Мы с Джулианом стали замечать возле дома странных людей, которые подолгу сидели в машине, читая газеты. Как-то раз, когда я завтракал у Илзе, пришел полицейский в штатском и известил меня, что в нашем доме идет обыск и требуется мое присутствие. На Парадайз-сквер десять лучших ищеек Оксфорда разбирали дом на кусочки. Стива Балога уже отвезли в полицейское отделение, потому что нашли у него в кармане кусочек сахара. Полиция решила, что это ЛСД, тогда уже незаконный. На самом деле это был обычный сахар, прихваченный Балогом в столовой первокурсников. В моей комнате потолок, ужасно обветшавший со времен пожара, обвалился, все трубы были вырваны из стен. Один из полицейских демонстрировал косяк марихуаны, якобы найденный в пепельнице. Моя физиономия выражала полное недоумение. Полицейский сказал, что забирает косяк на экспертизу. Все принадлежащее мне и Джулиану тщательно описали.

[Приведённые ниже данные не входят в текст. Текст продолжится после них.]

(* Assume $\beta^2\le\frac43-\mu$ for a constant $\mu>0$. There is $a_0>0$ depending only on $S$ and $\mu$ such that for all $0<a\le\min(a_0,\lambda/2)$ there is a constant $c$ depending only on $a$ and $\mu$ with the following property. For every $t\ge0$, if $x^s_{3N/4}(t)>0$ and $$\mathbb E\left[\Phi(x^s(t+1))-\Phi(x^s(t))\,\middle|\,x^s(t)\right]\ge-\frac{1}{36}\frac aN\Phi(x^s(t)),$$ then either $\Phi(x^s(t))<\frac{3\mu}{32}\Psi(x^s(t))$ or $\Gamma(x^s(t))<cN$.
   Context: Weighted balls into weighted bins: $n$ bins with positive integer weights $N_1,\dots,N_n$, $N=\sum_iN_i$; $\mathcal D$ on $[n]$ is $(\alpha,\beta)$-biased, i.e. $\frac{N_i}{\alpha N}\le\Pr_{\mathcal D}[i]\le\frac{\beta N_i}{N}$, $\alpha,\beta\ge1$. Ball weights $w(t)$ are i.i.d. from $\mathcal W$ on $[0,\infty)$ with $\mathbb E[\mathcal W]=1$ and $M(z)=\mathbb E[e^{z\mathcal W}]$ finite at $z=\lambda$ for some $\lambda>0$; $S\ge1$ is a constant with $M''(z)\le2S$ for all $|z|<\lambda/2$. Each round two bins are sampled independently from $\mathcal D$ and the ball goes to the sampled bin with smaller value $v_i(t-1)=w_i(t-1)/N_i$. Slot formulation: bin $i$ consists of $N_i$ unit slots; the normalized slot vector $x^s(t)\in\mathbb R^N$ has, for each slot of bin $i$, the entry $v_i(t)-\frac1N\sum_{t'\le t}w(t')$, indexed so that $x^s_1(t)\ge\dots\ge x^s_N(t)$; fractional indices are rounded up. $\Phi(y)=\sum_je^{ay_j}$, $\Psi(y)=\sum_je^{-ay_j}$, $\Gamma=\Phi+\Psi$. *)

theory Defs
  imports "HOL-Probability.Probability"
begin

text \<open>Bins are indexed 0..n-1; bin i has positive integer weight Nw i (= N_i).
  A state is a load vector w (w i = w_i(t)); the total weight thrown so far is the sum of loads.\<close>

definition total_slots :: "nat \<Rightarrow> (nat \<Rightarrow> nat) \<Rightarrow> nat" where
  "total_slots n Nw = (\<Sum>i<n. Nw i)"

definition total_load :: "nat \<Rightarrow> (nat \<Rightarrow> real) \<Rightarrow> real" where
  "total_load n w = (\<Sum>i<n. w i)"

definition bin_value :: "(nat \<Rightarrow> nat) \<Rightarrow> (nat \<Rightarrow> real) \<Rightarrow> nat \<Rightarrow> real" where
  "bin_value Nw w i = w i / real (Nw i)"

definition slot_vec :: "nat \<Rightarrow> (nat \<Rightarrow> nat) \<Rightarrow> (nat \<Rightarrow> real) \<Rightarrow> real list" where
  "slot_vec n Nw w = rev (sort (concat (map (\<lambda>i. replicate (Nw i)
      (bin_value Nw w i - total_load n w / real (total_slots n Nw))) [0..<n])))"

text \<open>1-based indexing of the sorted slot vector.\<close>
definition slot_entry :: "real list \<Rightarrow> nat \<Rightarrow> real" where
  "slot_entry xs k = xs ! (k - 1)"

definition Phi :: "real \<Rightarrow> real list \<Rightarrow> real" where
  "Phi a ys = sum_list (map (\<lambda>y. exp (a * y)) ys)"

definition Psi :: "real \<Rightarrow> real list \<Rightarrow> real" where
  "Psi a ys = sum_list (map (\<lambda>y. exp (- a * y)) ys)"

definition Gamma :: "real \<Rightarrow> real list \<Rightarrow> real" where
  "Gamma a ys = Phi a ys + Psi a ys"

definition biased :: "nat \<Rightarrow> (nat \<Rightarrow> nat) \<Rightarrow> nat pmf \<Rightarrow> real \<Rightarrow> real \<Rightarrow> bool" where
  "biased n Nw D \<alpha> \<beta> \<longleftrightarrow> set_pmf D \<subseteq> {..<n} \<and>
     (\<forall>i<n. real (Nw i) / (\<alpha> * real (total_slots n Nw)) \<le> pmf D i \<and>
            pmf D i \<le> \<beta> * real (Nw i) / real (total_slots n Nw))"

definition allocate :: "(nat \<Rightarrow> nat) \<Rightarrow> (nat \<Rightarrow> real) \<Rightarrow> nat \<Rightarrow> nat \<Rightarrow> nat" where
  "allocate Nw w i j = (if bin_value Nw w i \<le> bin_value Nw w j then i else j)"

Декан умудрился вытащить Балога из-под стражи, однако потребовал, чтобы мы явились для допроса в полицейское отделение. На допросе мы отпирались от всего. Полиция была разочарована, но, поскольку ничего уличающего, кроме косяка, не обнаружилось, нас отпустили. Декан сказал, что мы едва спасли свои задницы, а впереди выпускные экзамены. «Беритесь за дело и не вздумайте больше курить марихуану с городскими хиппи!»
Наставление было здравым, мы приняли его и твердо решили заниматься. Этому способствовало и то, что жильцы-хиппи неожиданно съехали. Они чудом не попали под налет и больше не хотели полагаться на удачу. Мы с Джулианом начали старательно заниматься. Что делал Балог, не помню. Илзе присоединилась к нашей интенсивной подготовке. Все пасхальные каникулы мы повторяли, а точнее, учили материал. Прекратили даже курить марихуану по будням.

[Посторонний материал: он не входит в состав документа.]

lemma Tm_coeff_ind0_diff_quotient:
  "(Tm_coeff m (ind0 (t + h)) k - Tm_coeff m (ind0 t) k) / complex_of_real h
     = (1 / (2 * pi)) * (LINT u|lborel. Tm_kernel m k u * ((ind0_hat (t + h) u - ind0_hat t u) / complex_of_real h))"
proof -
  have integrable: "integrable lborel (\<lambda>u. Tm_kernel m k u * ind0_hat s u)" for s
    by (rule integrable_Tm_kernel_mult[OF borel_measurable_ind0_hat norm_ind0_hat_le])
  have "(LINT u|lborel. Tm_kernel m k u * ((ind0_hat (t + h) u - ind0_hat t u) / complex_of_real h))
      = ((LINT u|lborel. Tm_kernel m k u * ind0_hat (t + h) u) - (LINT u|lborel. Tm_kernel m k u * ind0_hat t u))
        / complex_of_real h"
  proof -
    have "(LINT u|lborel. Tm_kernel m k u * ((ind0_hat (t + h) u - ind0_hat t u) / complex_of_real h))
        = (LINT u|lborel. (Tm_kernel m k u * ind0_hat (t + h) u - Tm_kernel m k u * ind0_hat t u) / complex_of_real h)"
      by (simp add: algebra_simps diff_divide_distrib)
    then show ?thesis
      using integrable by (simp add: Bochner_Integration.integral_diff)
  qed
  then show ?thesis
    unfolding Tm_coeff_ind0 by (simp only: right_diff_distrib[symmetric] times_divide_eq_right)
qed

lemma norm_Tm_coeff_ind0_diff_quotient_le:
  "cmod ((Tm_coeff m (ind0 (t + h)) k - Tm_coeff m (ind0 t) k) / complex_of_real h) \<le> Tm_growth m * (real k + 1)"
  using norm_Tm_kernel_integral_le[where g = "\<lambda>u. (ind0_hat (t + h) u - ind0_hat t u) / complex_of_real h"
      and B = 1, OF _ norm_ind0_hat_diff_quotient_le] borel_measurable_ind0_hat
  unfolding Tm_coeff_ind0_diff_quotient by simp

lemma norm_Tm_deriv_coeff_le: "cmod (Tm_deriv_coeff m t k) \<le> Tm_growth m * (real k + 1)"
  using norm_Tm_kernel_integral_le[of "\<lambda>u. cis (- (u * t))" 1 k]
  unfolding Tm_deriv_coeff_def by (simp add: borel_measurable_continuous_onI continuous_intros)

text \<open>Dominated convergence, with majorant \<open>Tm_majorant\<close>.\<close>
lemma Tm_coeff_ind0_diff_quotient_tendsto:
  "((\<lambda>h. (Tm_coeff m (ind0 (t + h)) k - Tm_coeff m (ind0 t) k) / complex_of_real h) \<longlongrightarrow> Tm_deriv_coeff m t k) (at 0)"
proof -
  let ?q = "\<lambda>h u. (ind0_hat (t + h) u - ind0_hat t u) / complex_of_real h"
  have "((\<lambda>h. LINT u|lborel. Tm_kernel m k u * ?q h u) \<longlongrightarrow> (LINT u|lborel. Tm_kernel m k u * cis (- (u * t)))) (at 0)"
    unfolding tendsto_at_iff_sequentially
  proof (intro allI impI)
    fix X :: "nat \<Rightarrow> real"
    assume X: "\<forall>i. X i \<in> UNIV - {0}" "X \<longlonglongrightarrow> 0"
    then have X_at_0: "filterlim X (at 0) sequentially"
      by (auto simp: filterlim_at eventually_sequentially)
    have "(\<lambda>i. ?q (X i) u) \<longlonglongrightarrow> cis (- (u * t))" for u
      by (rule filterlim_compose[OF ind0_hat_diff_quotient_tendsto X_at_0])
    then have pointwise: "(\<lambda>i. Tm_kernel m k u * ?q (X i) u) \<longlonglongrightarrow> Tm_kernel m k u * cis (- (u * t))" for u
      by (intro tendsto_mult tendsto_const)
    show "((\<lambda>h. LINT u|lborel. Tm_kernel m k u * ?q h u) \<circ> X) \<longlonglongrightarrow> (LINT u|lborel. Tm_kernel m k u * cis (- (u * t)))"
      unfolding o_def
    proof (rule integral_dominated_convergence[where w = "Tm_majorant m k"])
      have "(\<lambda>u. cis (- (u * t))) \<in> borel_measurable borel"
        by (intro borel_measurable_continuous_onI continuous_intros)
      then show "(\<lambda>u. Tm_kernel m k u * cis (- (u * t))) \<in> borel_measurable lborel"
        using borel_measurable_Tm_kernel by measurable
      show "(\<lambda>u. Tm_kernel m k u * ?q (X i) u) \<in> borel_measurable lborel" for i
        using borel_measurable_Tm_kernel borel_measurable_ind0_hat by measurable
      show "AE u in lborel. norm (Tm_kernel m k u * ?q (X i) u) \<le> Tm_majorant m k u" for i
        using norm_Tm_kernel_mult_le[where g = "?q (X i)" and B = 1, OF norm_ind0_hat_diff_quotient_le] by simp
      show "AE u in lborel. (\<lambda>i. Tm_kernel m k u * ?q (X i) u) \<longlonglongrightarrow> Tm_kernel m k u * cis (- (u * t))"
        using pointwise by simp
    qed (rule integrable_Tm_majorant)
  qed
  then show ?thesis
    unfolding Tm_coeff_ind0_diff_quotient Tm_deriv_coeff_def by (rule tendsto_mult_left)
qed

Следовало также завершить многомесячные практические эксперименты, пока я еще мог пользоваться университетскими лабораториями. Иначе я не получил бы степень. Одалживая у сокурсников тетради, я при попустительстве лаборанта-экзаменатора, который закрывал глаза на многое, утаскивал учетную карточку и заполнял пустые графы.
Так продолжалось до выпускных экзаменов. Иногда мы делали перерыв, чтобы сыграть партию в настольный футбол или нажраться. Дня за три до экзаменов мы носились по дому, перестреливаясь из водяных пистолетов. Я и не заметил, как напоролся босой ногой на ржавый гвоздь. Где-то через час моя нога побагровела. Джулиан с Илзе отвезли меня в медпункт Радклифф, где меня накачали пенициллином, болеутоляющим и выдали пару костылей. Я ушел оттуда, неспособный ни ходить, ни думать.
В первый день выпускных экзаменов меня отнесли в зал и усадили за стол так, чтобы больная нога оставалась в горизонтальном положении. Я продрался через первые три работы, но не был уверен, не напортачил ли там. Боль неожиданно спала, и следующие три работы дались мне гораздо легче.
Вскоре после этого мы все отправились по домам. Через несколько недель меня вызвали на устный экзамен, который обычно использовался для разрешения спорных случаев. Мне не сказали, какую границу я перешагивал.
В это самое время моя шестнадцатилетняя сестра попала под машину в Стратфорде-на-Эйвоне, где проводила каникулы с родителями. Когда отец увидел, как она лежит на улице, истекая кровью, вся вера в Бога, которая у него была, исчезла в тот же миг. Линда выжила, но находилась в критическом состоянии. Только чудо могло снова поставить ее на ноги. Я примчался из Уэльса к ее кровати в больнице Уорик и горько плакал при виде хрупкого израненного тела. Ни родители, ни я так никогда и не оправились от отчаяния и печали, которые пытали нас в то лето 1967 года. Ничто не ранит сильнее боли того, кого любишь. Моя сестра выкарабкалась. Наплевав на прогнозы, после нескольких месяцев на костылях начала ходить. Она вынесла свое испытание с честью.
В экзаменационных аудиториях вывесили результаты испытаний. Я заработал четверки и был счастлив. Илзе и Джулиан тоже получили четверки. Странно, но в том году ни один студент-физик не сдал экзамены на «отлично». От этого мое довольно заурядное достижение казалось более впечатляющим. Наверное, я был единственным физиком — выпускником Баллиола, который радовался четверкам. Я был доволен, что вовремя спохватился. И лелеял надежду, что больше не свихнусь.